The data is stored in parquet format. The parquet files are partitioned based off a partition key column (hash value of the user id column)
userData/
partitionKey=1/
part-00044-cf737804-90ea-4c37-94f8-9aa016f6953a.c000.snappy.parquet
part-00044-cf737804-90ea-4c37-94f8-9aa016f6953b.c000.snappy.parquet
partitionKey=2/
part-00059-cf737804-90ea-4c37-94f8-9aa016f6953a.c000.snappy.parquet
partitionKey=3/
part-00002-cf737804-90ea-4c37-94f8-9aa016f6953a.c000.snappy.parquet
Given the partitioning scheme, we know:
- All data for a given user would fall under the same partition
- A partition can have more than 1 user's data
While reading in the data, I want all the data of 1 user to fall into the same spark partition.
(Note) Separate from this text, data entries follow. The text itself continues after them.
(* Let $\mathbb{S}=(S,\Sigma,\{\tau_a\mid a\in L\})$ be an LMP, let $\Sigma_0\subseteq\Sigma$ be a sub-$\sigma$-algebra with $\mathcal{R}(\Sigma_0)=\mathcal{R}^T(\Sigma_0)$, and put $R_0=\mathcal{R}(\Sigma_0)$. Then for every limit ordinal $\lambda$, $\mathcal{R}(\Sigma_\lambda)=\mathcal{R}^T(\Sigma_\lambda)$.
   Context: An LMP is a triple $(S,\Sigma,\{\tau_a\mid a\in L\})$ with $(S,\Sigma)$ a measurable space, $L$ countable, and each $\tau_a:S\times\Sigma\to[0,1]$ a Markov kernel (subprobability measure in the second argument, measurable in the first). For $R\subseteq S\times S$, $A$ is $R$-closed if $x\in A$, $xRs$ imply $s\in A$; $\Sigma(R)$ is the family of $R$-closed members of $\Sigma$. For $\Gamma\subseteq\mathcal{P}(S)$, $\mathcal{R}(\Gamma)=\{(s,t):\forall A\in\Gamma\,(s\in A\iff t\in A)\}$; for $\Lambda\subseteq\Sigma$, $\mathcal{R}^T(\Lambda)=\{(s,t):\forall a\in L\,\forall E\in\Lambda\ \tau_a(s,E)=\tau_a(t,E)\}$. $\mathcal{O}(R)=\mathcal{R}^T(\Sigma(R))$, $\mathcal{G}(\Lambda)=\Sigma(\mathcal{R}^T(\Lambda))$. Iterates: $R_{\alpha+1}=\mathcal{O}(R_\alpha)$, $R_\lambda=\bigcap_{\alpha<\lambda}R_\alpha$ for limit $\lambda$; $\Sigma_{\alpha+1}=\mathcal{G}(\Sigma_\alpha)$, $\Sigma_\lambda=\sigma(\bigcup_{\alpha<\lambda}\Sigma_\alpha)$ for limit $\lambda$. *)

theory Defs
  imports "HOL-Analysis.Analysis"
begin

definition lmp :: "'a set \<Rightarrow> 'a set set \<Rightarrow> 'l set \<Rightarrow> ('l \<Rightarrow> 'a \<Rightarrow> 'a set \<Rightarrow> real) \<Rightarrow> bool" where
  "lmp S Sig L tau \<longleftrightarrow>
     sigma_algebra S Sig \<and> countable L \<and>
     (\<forall>a\<in>L. \<forall>s\<in>S.
        measure_space S Sig (\<lambda>E. ennreal (tau a s E)) \<and>
        (\<forall>E\<in>Sig. 0 \<le> tau a s E \<and> tau a s E \<le> 1)) \<and>
     (\<forall>a\<in>L. \<forall>E\<in>Sig. (\<lambda>s. tau a s E) \<in> borel_measurable (measure_of S Sig (\<lambda>_. 0)))"

definition R_closed :: "('a \<times> 'a) set \<Rightarrow> 'a set \<Rightarrow> bool" where
  "R_closed R A \<longleftrightarrow> (\<forall>x s. x \<in> A \<longrightarrow> (x, s) \<in> R \<longrightarrow> s \<in> A)"

definition closed_sets :: "'a set set \<Rightarrow> ('a \<times> 'a) set \<Rightarrow> 'a set set" where
  "closed_sets Sig R = {A \<in> Sig. R_closed R A}"

definition rel_of :: "'a set \<Rightarrow> 'a set set \<Rightarrow> ('a \<times> 'a) set" where
  "rel_of S Gm = {(s, t). s \<in> S \<and> t \<in> S \<and> (\<forall>A\<in>Gm. s \<in> A \<longleftrightarrow> t \<in> A)}"

definition relT_of :: "'a set \<Rightarrow> 'l set \<Rightarrow> ('l \<Rightarrow> 'a \<Rightarrow> 'a set \<Rightarrow> real) \<Rightarrow> 'a set set \<Rightarrow> ('a \<times> 'a) set" where
  "relT_of S L tau Lam = {(s, t). s \<in> S \<and> t \<in> S \<and> (\<forall>a\<in>L. \<forall>E\<in>Lam. tau a s E = tau a t E)}"

definition G_op :: "'a set \<Rightarrow> 'a set set \<Rightarrow> 'l set \<Rightarrow> ('l \<Rightarrow> 'a \<Rightarrow> 'a set \<Rightarrow> real) \<Rightarrow> 'a set set \<Rightarrow> 'a set set" where
  "G_op S Sig L tau Lam = closed_sets Sig (relT_of S L tau Lam)"

text \<open>Ordinals are represented by elements of an arbitrary well-ordered type 'i.\<close>
definition is_succ_of :: "'i::wellorder \<Rightarrow> 'i \<Rightarrow> bool" where
  "is_succ_of \<alpha> \<beta> \<longleftrightarrow> \<beta> < \<alpha> \<and> (\<forall>\<gamma>. \<not> (\<beta> < \<gamma> \<and> \<gamma> < \<alpha>))"

definition is_limit :: "'i::wellorder \<Rightarrow> bool" where
  "is_limit l \<longleftrightarrow> (\<exists>\<beta>. \<beta> < l) \<and> (\<forall>\<beta><l. \<exists>\<gamma>. \<beta> < \<gamma> \<and> \<gamma> < l)"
A single spark partition can have more than 1 users, but it should have all the rows for all those users.
Currently, what I use is: SparkSession.read.parquet("../userData").repartition(200, col("UserId"))
(also tried partitionBy with custom partitioner; The sequence of operations: DataFrame -> RDD -> KeyedRDD -> partitionBy -> RDD -> DataFrame; Before the partitionBy, there is a deserialize to object step that explodes the shuffle write)
Is there a way to avoid the repartition and leverage the input folder structure to place a user's data on a single partition?